В думах время пролетает незаметно, и вот холм уже высился прямо перед глазами, а поле-платок осталось позади. Рудо понёсся ещё скорее, узнавая родные места, и совсем скоро перед нами выросли первые посадские дома с дворами, полными суетливых кур, цветом и формой похожими на свежевыпеченные булки, запахло почти по-городскому: навозом, срубом, кашей и дымком. Огарёк оживился, завертел патлатой головой, разглядывая посад с любопытством, которое выдавало, что прежде он здесь ни разу не бывал. Я гнал пса быстро, чтобы никто не успел нас хорошенько разглядеть, а всё же некоторые глазастые бабы чертили щепотью круг у себя на груди, заметив мальчишку с зелёной кожей. Что же, отныне слава моя пополнится новыми слухами и баснями.
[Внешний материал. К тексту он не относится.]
lemma balance_iff_S2:
  assumes "0 \<le> I" "V = r * S / (\<mu> + k * I)"
  shows "\<Lambda> - I * (\<alpha>2 - k * V) - (r + \<mu>) * S = 0 \<longleftrightarrow> S = S2 I"
proof -
  have pos: "0 < \<mu> + k * I" "0 < \<mu> * (r + \<mu> + k * I)"
    using assms(1) \<mu>_pos r_pos k_pos by (auto simp: add_pos_nonneg)
  have "(\<Lambda> - I * (\<alpha>2 - k * V) - (r + \<mu>) * S) * (\<mu> + k * I)
        = (\<Lambda> - \<alpha>2 * I) * (\<mu> + k * I) - S * (\<mu> * (r + \<mu> + k * I))"
    using pos by (simp add: assms(2) field_simps)
  also have "\<dots> = 0 \<longleftrightarrow> S = S2 I"
    using pos by (auto simp: S2_def field_simps)
  finally show ?thesis using pos by simp
qed

lemma E2_equilibrium_iff:
  "E2 S V I \<longleftrightarrow>
     0 < I \<and> \<alpha>2 * I < \<Lambda> \<and> S = S2 I \<and> V = r * S / (\<mu> + k * I) \<and> G2 I = \<alpha>2"
proof
  assume E: "E2 S V I"
  then have pos: "0 < S" "0 < V" "0 < I" by (auto simp: E2_equilibrium_def)
  then have den: "0 < \<mu> + k * I" using \<mu>_pos k_pos by (simp add: add_pos_pos)
  from E pos inc1.F_at_0 have balance: "\<Lambda> - F2 S I - (r + \<mu>) * S = 0"
    and V_eq: "r * S - (\<mu> + k * I) * V = 0" and incidence: "F2 S I + k * I * V - \<alpha>2 * I = 0"
    by (simp_all add: E2_equilibrium_def equilibrium_def)
  have "I * (f2 S I - (\<alpha>2 - k * V)) = 0"
    using incidence inc2.F_eq[of S I] pos by (simp add: algebra_simps)
  then have f: "f2 S I = \<alpha>2 - k * V" using pos by simp
  have V: "V = r * S / (\<mu> + k * I)" using V_eq den by (simp add: eq_divide_eq)
  have "F2 S I = I * (\<alpha>2 - k * V)" using inc2.F_eq[of S I] pos f by simp
  then have "S = S2 I" using balance balance_iff_S2[OF _ V] pos by simp
  then show "0 < I \<and> \<alpha>2 * I < \<Lambda> \<and> S = S2 I \<and> V = r * S / (\<mu> + k * I) \<and> G2 I = \<alpha>2"
    using pos S2_pos_iff[of I] f V by (simp add: G2_def)
next
  assume "0 < I \<and> \<alpha>2 * I < \<Lambda> \<and> S = S2 I \<and> V = r * S / (\<mu> + k * I) \<and> G2 I = \<alpha>2"
  then have I: "0 < I" "\<alpha>2 * I < \<Lambda>" and S: "S = S2 I" and V: "V = r * S / (\<mu> + k * I)"
    and f: "f2 S I = \<alpha>2 - k * V" by (auto simp: G2_def)
  have den: "0 < \<mu> + k * I" using I \<mu>_pos k_pos by (simp add: add_pos_pos)
  have "0 < S" using S2_pos_iff I by (simp add: S)
  then have "0 < V" using V den r_pos by simp
  have F: "F2 S I = I * (\<alpha>2 - k * V)" using inc2.F_eq[of S I] f I \<open>0 < S\<close> by simp
  have "\<Lambda> - F2 S I - (r + \<mu>) * S = 0" using balance_iff_S2[OF _ V] I S F by simp
  moreover have "r * S - (\<mu> + k * I) * V = 0" using V den by simp
  moreover have "F2 S I + k * I * V - \<alpha>2 * I = 0" using F by (simp add: algebra_simps)
  ultimately show "E2 S V I"
    using \<open>0 < S\<close> \<open>0 < V\<close> I inc1.F_at_0[of S]
    by (simp add: E2_equilibrium_def equilibrium_def)
qed

lemma E2_S_le_S0: "E2 S V I \<Longrightarrow> S \<le> S0"
  using inc1.F_at_0 inc2.F_nonneg r_pos \<mu>_pos
  by (auto simp: E2_equilibrium_def equilibrium_def field_simps)

lemma S2_diff:
  assumes "0 \<le> I" "0 \<le> I'"
  shows "S2 I - S2 I' = (I' - I)
           * (\<alpha>2 * (r + \<mu> + k * I) * (r + \<mu> + k * I') - r * (k * \<Lambda> + \<alpha>2 * (r + \<mu>)))
           / (\<mu> * (r + \<mu> + k * I) * (r + \<mu> + k * I'))"
proof -
  define z z' where "z = r + \<mu> + k * I" and "z' = r + \<mu> + k * I'"
  have "0 < z" "0 < z'"
    using assms \<mu>_pos r_pos k_pos by (auto simp: z_def z'_def add_pos_nonneg)
  then have S2: "S2 I * (\<mu> * z) = (\<Lambda> - \<alpha>2 * I) * (\<mu> + k * I)"
    "S2 I' * (\<mu> * z') = (\<Lambda> - \<alpha>2 * I') * (\<mu> + k * I')"
    using \<mu>_pos by (simp_all add: S2_def z_def z'_def)
  have "(S2 I - S2 I') * (\<mu> * z * z') = S2 I * (\<mu> * z) * z' - S2 I' * (\<mu> * z') * z"
    by (simp add: algebra_simps)
  also have "\<dots> = (\<Lambda> - \<alpha>2 * I) * (\<mu> + k * I) * z' - (\<Lambda> - \<alpha>2 * I') * (\<mu> + k * I') * z"
    by (simp only: S2)
  also have "\<dots> = (I' - I) * (\<alpha>2 * z * z' - r * (k * \<Lambda> + \<alpha>2 * (r + \<mu>)))"
    by (simp add: z_def z'_def algebra_simps)
  finally show ?thesis
    using \<open>0 < z\<close> \<open>0 < z'\<close> \<mu>_pos by (simp add: eq_divide_eq z_def z'_def)
qed

lemma S2_antitone:
  assumes "0 \<le> I" "I \<le> I'" and peak: "past_S2_peak I"
  shows "S2 I' \<le> S2 I"
proof -
  have z: "0 < r + \<mu> + k * I" "r + \<mu> + k * I \<le> r + \<mu> + k * I'"
    using assms \<mu>_pos r_pos k_pos by (auto simp: add_pos_nonneg)
  have "\<alpha>2 * (r + \<mu> + k * I)^2 \<le> \<alpha>2 * (r + \<mu> + k * I) * (r + \<mu> + k * I')"
    using z \<alpha>2_pos by (simp add: power2_eq_square)
  then have "0 \<le> (I' - I)
           * (\<alpha>2 * (r + \<mu> + k * I) * (r + \<mu> + k * I') - r * (k * \<Lambda> + \<alpha>2 * (r + \<mu>)))
           / (\<mu> * (r + \<mu> + k * I) * (r + \<mu> + k * I'))"
    using peak z assms(2) \<mu>_pos by (simp add: past_S2_peak_def)
  then show ?thesis using S2_diff[of I I'] assms by simp
qed

lemma G2_less:
  assumes "0 \<le> I" "I < I'" "\<alpha>2 * I' \<le> \<Lambda>"
    and peak: "past_S2_peak I"
  shows "G2 I' < G2 I"
proof -
  have "0 \<le> I'" using assms(1,2) by simp
  have "\<alpha>2 * I < \<alpha>2 * I'" using assms(2) \<alpha>2_pos by simp
  then have "\<alpha>2 * I < \<Lambda>" using assms(3) by simp
  have S: "S2 I' \<le> S2 I" "0 \<le> S2 I'" "0 < S2 I"
    using S2_antitone[OF assms(1) _ peak] S2_nonneg[OF \<open>0 \<le> I'\<close> assms(3)]
      S2_pos_iff[OF assms(1)] \<open>\<alpha>2 * I < \<Lambda>\<close> assms(2) by simp_all
  then have "f2 (S2 I') I' \<le> f2 (S2 I') I" "f2 (S2 I') I \<le> f2 (S2 I) I"
    using inc2.f_le_I[of "S2 I'" I I'] inc2.f_le_S[of "S2 I'" "S2 I" I] assms(1,2) by simp_all
  moreover have "S2 I' / (\<mu> + k * I') < S2 I / (\<mu> + k * I)"
  proof -
    have "0 < \<mu> + k * I" "\<mu> + k * I < \<mu> + k * I'"
      using assms(1,2) \<mu>_pos k_pos by (simp_all add: add_pos_nonneg)
    then have "S2 I' / (\<mu> + k * I') \<le> S2 I / (\<mu> + k * I')"
      "S2 I / (\<mu> + k * I') < S2 I / (\<mu> + k * I)"
      using S by (simp_all add: divide_right_mono divide_strict_left_mono)
    then show ?thesis by linarith
  qed
  then have "k * r * (S2 I' / (\<mu> + k * I')) < k * r * (S2 I / (\<mu> + k * I))"
    using r_pos k_pos by (intro mult_strict_left_mono) simp_all
  then have "k * (r * S2 I' / (\<mu> + k * I')) < k * (r * S2 I / (\<mu> + k * I))"
    by (simp only: times_divide_eq_right mult.assoc)
  ultimately show ?thesis unfolding G2_def by linarith
qed

lemma continuous_on_G2: "continuous_on {0..\<Lambda> / \<alpha>2} G2"
proof -
  have den: "\<mu> + k * I \<noteq> 0" "\<mu> * (r + \<mu> + k * I) \<noteq> 0" if "I \<in> {0..\<Lambda> / \<alpha>2}" for I
  proof -
    have "0 < \<mu> + k * I" "0 < \<mu> * (r + \<mu> + k * I)"
      using that \<mu>_pos r_pos k_pos by (simp_all add: add_pos_nonneg)
    then show "\<mu> + k * I \<noteq> 0" "\<mu> * (r + \<mu> + k * I) \<noteq> 0" by linarith+
  qed
  have S2: "continuous_on {0..\<Lambda> / \<alpha>2} S2"
    unfolding S2_def by (intro continuous_intros ballI den)
  have "continuous_on {0..\<Lambda> / \<alpha>2} (\<lambda>I. f2 (S2 I) I)"
    by (rule inc2.continuous_on_f_comp[OF S2]) (use S2_nonneg \<alpha>2_pos in \<open>auto simp: field_simps\<close>)
  then show ?thesis
    unfolding G2_def by (intro continuous_intros S2 ballI den)
qed

lemma E2_exists_iff: "(\<exists>S V I. E2 S V I) \<longleftrightarrow> \<alpha>2 < f2 S0 0 + k * (r * S0 / \<mu>)"
proof
  assume "\<exists>S V I. E2 S V I"
  then obtain S V I where E: "E2 S V I" by blast
  then have I: "0 < I" and S: "0 < S" "S \<le> S0" and V: "V = r * S / (\<mu> + k * I)"
    and G: "f2 S I + k * V = \<alpha>2"
    using E2_S_le_S0 S2_pos_iff by (auto simp: E2_equilibrium_iff G2_def)
  have "f2 S I \<le> f2 S0 0"
    using inc2.f_le_I[of S 0 I] inc2.f_le_S[of S S0 0] I S by simp
  moreover have "k * V < k * (r * S0 / \<mu>)"
  proof (rule mult_strict_left_mono[OF _ k_pos])
    have "V < r * S / \<mu>"
      unfolding V using I S r_pos \<mu>_pos k_pos
      by (intro divide_strict_left_mono) (simp_all add: add_pos_pos)
    also have "\<dots> \<le> r * S0 / \<mu>"
      using S r_pos \<mu>_pos by (intro divide_right_mono mult_left_mono) simp_all
    finally show "V < r * S0 / \<mu>" .
  qed
  ultimately show "\<alpha>2 < f2 S0 0 + k * (r * S0 / \<mu>)" using G by linarith
next
  assume "\<alpha>2 < f2 S0 0 + k * (r * S0 / \<mu>)"
  moreover have "S2 0 = S0" using \<mu>_pos by (simp add: S2_def)
  moreover have "S2 (\<Lambda> / \<alpha>2) = 0" using \<alpha>2_pos by (simp add: S2_def)
  ultimately obtain I where "0 < I" "I < \<Lambda> / \<alpha>2" "G2 I = \<alpha>2"
    using IVT_decreasing_open[OF _ continuous_on_G2, of \<alpha>2] inc2.f_zero_left \<alpha>2_pos \<Lambda>_pos
    by (auto simp: G2_def)
  then have "E2 (S2 I) (r * S2 I / (\<mu> + k * I)) I"
    using \<alpha>2_pos by (simp add: E2_equilibrium_iff field_simps)
  then show "\<exists>S V I. E2 S V I" by blast
qed

lemma E2_unique:
  assumes "E2 S V I" "E2 S' V' I'"
    and "past_S2_peak I"
    and "past_S2_peak I'"
  shows "(S, V, I) = (S', V', I')"
proof -
  have "I = I'"
  proof (rule linorder_cases[of I I'])
    assume "I < I'"
    then show ?thesis using assms G2_less[of I I'] by (auto simp: E2_equilibrium_iff)
  next
    assume "I' < I"
    then show ?thesis using assms G2_less[of I' I] by (auto simp: E2_equilibrium_iff)
  qed
  then show ?thesis using assms by (simp add: E2_equilibrium_iff)
qed

lemma past_S2_peak_if_nonneg:
  assumes "- \<alpha>2 * r * \<mu> - \<alpha>2 * \<mu>^2 + k * \<Lambda> * r < 0" "0 \<le> I"
  shows "past_S2_peak I"
proof -
  have "(r + \<mu>)^2 \<le> (r + \<mu> + k * I)^2"
    using assms(2) r_pos \<mu>_pos k_pos by (intro power_mono) auto
  then have "\<alpha>2 * (r + \<mu>)^2 \<le> \<alpha>2 * (r + \<mu> + k * I)^2"
    using \<alpha>2_pos by simp
  moreover have "r * (k * \<Lambda> + \<alpha>2 * (r + \<mu>)) < \<alpha>2 * (r + \<mu>)^2"
    using assms(1) by (simp add: power2_eq_square algebra_simps)
  ultimately show ?thesis unfolding past_S2_peak_def by linarith
qed

lemma past_S2_peak_if_ge:
  assumes "(- r * \<alpha>2 - \<alpha>2 * \<mu> + sqrt (r * \<alpha>2 * (r * \<alpha>2 + \<alpha>2 * \<mu> + k * \<Lambda>))) / (\<alpha>2 * k) \<le> I"
  shows "past_S2_peak I"
proof -
  define q where "q = r * \<alpha>2 * (r * \<alpha>2 + \<alpha>2 * \<mu> + k * \<Lambda>)"
  have "- r * \<alpha>2 - \<alpha>2 * \<mu> + sqrt q \<le> I * (\<alpha>2 * k)"
    using assms \<alpha>2_pos k_pos by (simp add: q_def pos_divide_le_eq)
  then have "sqrt q \<le> \<alpha>2 * (r + \<mu> + k * I)"
    by (simp add: algebra_simps)
  then have "q \<le> (\<alpha>2 * (r + \<mu> + k * I))^2"
    by (rule sqrt_le_D)
  moreover have "q = \<alpha>2 * (r * (k * \<Lambda> + \<alpha>2 * (r + \<mu>)))"
    by (simp add: q_def algebra_simps)
  moreover have "(\<alpha>2 * (r + \<mu> + k * I))^2 = \<alpha>2 * (\<alpha>2 * (r + \<mu> + k * I)^2)"
    by (simp add: power2_eq_square mult_ac)
  ultimately show ?thesis
    using \<alpha>2_pos by (simp add: past_S2_peak_def)
qed

end
theorem mainTheorem4:
  fixes \<Lambda> \<mu> r k \<gamma>1 \<gamma>2 v1 v2 \<sigma>1 \<sigma>2 :: real
    and F1 f1 F2 f2 :: "real \<Rightarrow> real \<Rightarrow> real"
  assumes pos: "\<Lambda> > 0" "\<mu> > 0" "r > 0" "k > 0" "\<gamma>1 > 0" "\<gamma>2 > 0"
    and vnn: "v1 \<ge> 0" "v2 \<ge> 0"
    and H1: "incidence_hyps F1 f1"
    and H2: "incidence_hyps F2 f2"
    and sigma1: "((\<lambda>I. F1 (\<Lambda> / (r + \<mu>)) I) has_real_derivative \<sigma>1) (at 0 within {0..})"
    and sigma2: "((\<lambda>I. F2 (\<Lambda> / (r + \<mu>)) I) has_real_derivative \<sigma>2) (at 0 within {0..})"
  shows
    "((\<exists>S V I1. E1_equilibrium \<Lambda> \<mu> r k \<gamma>1 \<gamma>2 v1 v2 F1 F2 S V I1)
        \<longleftrightarrow> \<sigma>1 / (\<gamma>1 + v1 + \<mu>) > 1)
     \<and> (\<forall>S V I1 S' V' I1'.
          E1_equilibrium \<Lambda> \<mu> r k \<gamma>1 \<gamma>2 v1 v2 F1 F2 S V I1 \<longrightarrow>
          E1_equilibrium \<Lambda> \<mu> r k \<gamma>1 \<gamma>2 v1 v2 F1 F2 S' V' I1' \<longrightarrow>
          (S, V, I1) = (S', V', I1'))
     \<and> ((\<exists>S V I2. E2_equilibrium \<Lambda> \<mu> r k \<gamma>1 \<gamma>2 v1 v2 F1 F2 S V I2)
        \<longleftrightarrow> \<sigma>2 / (\<gamma>2 + v2 + \<mu>)
              + k * r * \<Lambda> / ((\<gamma>2 + v2 + \<mu>) * \<mu> * (r + \<mu>)) > 1)
     \<and> (- (\<gamma>2 + v2 + \<mu>) * r * \<mu> - (\<gamma>2 + v2 + \<mu>) * \<mu>^2 + k * \<Lambda> * r < 0 \<longrightarrow>
          (\<forall>S V I2 S' V' I2'.
             E2_equilibrium \<Lambda> \<mu> r k \<gamma>1 \<gamma>2 v1 v2 F1 F2 S V I2 \<longrightarrow>
             E2_equilibrium \<Lambda> \<mu> r k \<gamma>1 \<gamma>2 v1 v2 F1 F2 S' V' I2' \<longrightarrow>
             (S, V, I2) = (S', V', I2')))
     \<and> (- (\<gamma>2 + v2 + \<mu>) * r * \<mu> - (\<gamma>2 + v2 + \<mu>) * \<mu>^2 + k * \<Lambda> * r > 0 \<longrightarrow>
          (\<forall>S V I2 S' V' I2'.
             E2_equilibrium \<Lambda> \<mu> r k \<gamma>1 \<gamma>2 v1 v2 F1 F2 S V I2 \<longrightarrow>
             E2_equilibrium \<Lambda> \<mu> r k \<gamma>1 \<gamma>2 v1 v2 F1 F2 S' V' I2' \<longrightarrow>
             I2 \<in> {(- r * (\<gamma>2 + v2 + \<mu>) - (\<gamma>2 + v2 + \<mu>) * \<mu>
                     + sqrt (r * (\<gamma>2 + v2 + \<mu>) * (r * (\<gamma>2 + v2 + \<mu>) + (\<gamma>2 + v2 + \<mu>) * \<mu> + k * \<Lambda>)))
                    / ((\<gamma>2 + v2 + \<mu>) * k) .. \<Lambda> / (\<gamma>2 + v2 + \<mu>)} \<longrightarrow>
             I2' \<in> {(- r * (\<gamma>2 + v2 + \<mu>) - (\<gamma>2 + v2 + \<mu>) * \<mu>
                     + sqrt (r * (\<gamma>2 + v2 + \<mu>) * (r * (\<gamma>2 + v2 + \<mu>) + (\<gamma>2 + v2 + \<mu>) * \<mu> + k * \<Lambda>)))
                    / ((\<gamma>2 + v2 + \<mu>) * k) .. \<Lambda> / (\<gamma>2 + v2 + \<mu>)} \<longrightarrow>
             (S, V, I2) = (S', V', I2')))"
proof -
  interpret two_strain_model F1 f1 F2 f2 \<Lambda> \<mu> r k \<gamma>1 \<gamma>2 v1 v2
    by unfold_locales (use pos vnn H1 H2 in simp_all)
  have \<sigma>: "\<sigma>1 = f1 S0 0" "\<sigma>2 = f2 S0 0"
    using inc1.deriv_at_I_0_eq_f[OF _ sigma1] inc2.deriv_at_I_0_eq_f[OF _ sigma2] pos by simp_all
  have \<R>1: "\<sigma>1 / \<alpha>1 > 1 \<longleftrightarrow> \<alpha>1 < \<sigma>1"
    using \<alpha>1_pos by (simp add: less_divide_eq_1_pos)
  have "\<sigma>2 / \<alpha>2 + k * r * \<Lambda> / (\<alpha>2 * \<mu> * (r + \<mu>)) = (\<sigma>2 + k * (r * S0 / \<mu>)) / \<alpha>2"
    by (simp add: add_divide_distrib mult_ac)
  then have \<R>2: "\<sigma>2 / \<alpha>2 + k * r * \<Lambda> / (\<alpha>2 * \<mu> * (r + \<mu>)) > 1
                 \<longleftrightarrow> \<alpha>2 < \<sigma>2 + k * (r * S0 / \<mu>)"
    using \<alpha>2_pos by (simp add: less_divide_eq_1_pos)
  have unique_a: "(S, V, I) = (S', V', I')"
    if "E2 S V I" "E2 S' V' I'" "- \<alpha>2 * r * \<mu> - \<alpha>2 * \<mu>^2 + k * \<Lambda> * r < 0" for S V I S' V' I'
  proof -
    have "0 \<le> I" "0 \<le> I'" using that(1,2) by (simp_all add: E2_equilibrium_iff)
    with that show ?thesis by (intro E2_unique past_S2_peak_if_nonneg) simp_all
  qed
  show ?thesis
    using \<sigma> \<R>1 \<R>2 E1_exists_iff E1_unique E2_exists_iff unique_a
      E2_unique[OF _ _ past_S2_peak_if_ge past_S2_peak_if_ge]
    by auto
qed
Зайду через день в трактир, натянув на лицо капюшон, и наверняка услышу свежий сказ о соколе Кречете, а вокруг рассказчика соберётся охочая до басен толпа, на радость хозяину заведения.

Уже замаячили тёмные бревенчатые стены детинца, но я пустил Рудо левее, в ту сторону, где подходила к городу речка Горлица.

– Куда везёшь-то? – требовательно спросил Огарёк, вовсе не заискивая, как раньше, а твёрдо решив вызнать мои планы на его счёт.

– В темницу брошу, где вору и место.

– Врёшь. Не злой ты, хоть и пугать пытаешься.

Я всё-таки думал о себе иначе.

Рудо остановился у торговой мыльни, стоящей у берега Горлицы, беззастенчиво опустил лохматую голову в лохань с речной водой и принялся шумно, прихлёбывая, лакать. Я спрыгнул на землю, повёл плечами, разминаясь, и едва успел подхватить Огарька, готового свалиться с пса неуклюжим мешком. Рудо верно понял мои намерения. Именно здесь я и надеялся оставить мальчишку.

Нет, это не была гнилая слобода с дешёвыми питейными и игорными заведениями и мыльнями со склочными девками, хотя такой рассадник людских пороков, несомненно, в Горвене имелся, и не один. Я собирался оставить Огарька пусть у падшей девки, но всё же в приличном месте, куда пьяницы и бунтари не захаживают. Земля у Горлицы – самая дорогая, здесь воду в мыльню можно качать прямо из реки журавлём, и здесь вряд ли встретишь любителей шумных развлечений и драк.